Content starts

lemma cexp_A_D:
  "cexp M Y (ev M A x \<inter> ev M D z)
   = (stratum_mean x True * measure M (ev M A x \<inter> ev M C True \<inter> ev M D z)
      + stratum_mean x False * measure M (ev M A x \<inter> ev M C False \<inter> ev M D z))
     / (measure M (ev M A x \<inter> ev M C True \<inter> ev M D z)
      + measure M (ev M A x \<inter> ev M C False \<inter> ev M D z))"
proof -
  have "cexp M Y (ev M A x \<inter> ev M D z) * measure M (ev M A x \<inter> ev M D z)
     = stratum_mean x True * measure M (ev M A x \<inter> ev M C True \<inter> ev M D z)
     + stratum_mean x False * measure M (ev M A x \<inter> ev M C False \<inter> ev M D z)"
    using cexp_split_ev[OF C_measurable _ Y_integrable, of "ev M A x \<inter> ev M D z"] A_sets D_sets
      cexp_cell[of x True z] cexp_cell[of x False z]
    by (simp add: Int_ac)
  moreover have "measure M (ev M A x \<inter> ev M D z) > 0"
    using measure_A_D[of x z] measure_cell_pos[of x True z] measure_cell_pos[of x False z] by simp
  ultimately show ?thesis by (simp add: measure_A_D field_simps)
qed

end

locale symmetric_confounder_model = confounder_model +
  fixes q :: real
  assumes measure_C: "measure M (ev M C y) = 1/2"
    and cprob_A_C: "cprob M (ev M A x) (ev M C y) = (if x = y then q else 1 - q)"
    and cprob_D_C: "cprob M (ev M D z) (ev M C y) = (if z = y then q else 1 - q)"
begin

lemma measure_cell_eq:
  "measure M (ev M A x \<inter> ev M C y \<inter> ev M D z)
   = (if z = y then q else 1 - q) * (if x = y then q else 1 - q) / 2"
  by (simp add: measure_cell measure_C cprob_A_C cprob_D_C)

lemma q_bounds: "0 < q" "q < 1"
proof -
  have "0 < (1 - q) * q"
    using measure_cell_pos[of True True False] by (simp add: measure_cell_eq)
  then show "0 < q" "q < 1" by (auto simp: zero_less_mult_iff)
qed

lemma measure_A_C: "measure M (ev M A x \<inter> ev M C y) = (if x = y then q else 1 - q) / 2"
  using cprob_A_C[of x y] by (simp add: cprob_def measure_C)

lemma measure_A: "measure M (ev M A x) = 1/2"
  using measure_split_ev[OF C_measurable A_sets, of x] by (simp add: measure_A_C)

lemma measure_D: "measure M (ev M D z) = 1/2"
  using measure_split_ev[OF C_measurable D_sets, of z] cprob_D_C[of z True] cprob_D_C[of z False]
  by (simp add: cprob_def measure_C)

lemma cexp_A: "cexp M Y (ev M A x) = q * stratum_mean x x + (1 - q) * stratum_mean x (\<not> x)"
  using cexp_split_ev[OF C_measurable A_sets Y_integrable, of x]
  by (cases x) (simp_all add: measure_A measure_A_C)

lemma RD_obs_eq:
  "RD_obs M A D Y =
     ((q^2 * stratum_mean True True + (1 - q)^2 * stratum_mean True False)
      - ((1 - q)^2 * stratum_mean False True + q^2 * stratum_mean False False))
     / (2 * (q^2 + (1 - q)^2))
   + (stratum_mean True True + stratum_mean True False
      - stratum_mean False True - stratum_mean False False) / 4"
proof -
  define s where "s = q^2 + (1 - q)^2"
  have "s > 0" unfolding s_def using q_bounds by (simp add: add_pos_nonneg)
  then have diagonal: "cexp M Y (ev M A x \<inter> ev M D x)
      = ((if x then q^2 else (1 - q)^2) * stratum_mean x True
         + (if x then (1 - q)^2 else q^2) * stratum_mean x False) / s" for x
    unfolding s_def by (cases x) (simp_all add: cexp_A_D measure_cell_eq field_simps power2_eq_square)
  have off_diagonal: "cexp M Y (ev M A x \<inter> ev M D z)
      = (stratum_mean x True + stratum_mean x False) / 2" if "x \<noteq> z" for x z
    using q_bounds that by (cases x) (simp_all add: cexp_A_D measure_cell_eq field_simps)
  show ?thesis
    using \<open>s > 0\<close> unfolding RD_obs_def measure_D diagonal s_def[symmetric]
    by (simp add: off_diagonal field_simps)
qed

Content ends

# TASK PROMPT
Across all the records, find the lines containing the word "lemma" and reproduce each one.

# TASK RESULT
lemma cexp_A_D:
lemma measure_cell_eq:
lemma q_bounds: "0 < q" "q < 1"
lemma measure_A_C: "measure M (ev M A x \<inter> ev M C y) = (if x = y then q else 1 - q) / 2"
lemma measure_A: "measure M (ev M A x) = 1/2"
lemma measure_D: "measure M (ev M D z) = 1/2"
lemma cexp_A: "cexp M Y (ev M A x) = q * stratum_mean x x + (1 - q) * stratum_mean x (\<not> x)"
lemma RD_obs_eq:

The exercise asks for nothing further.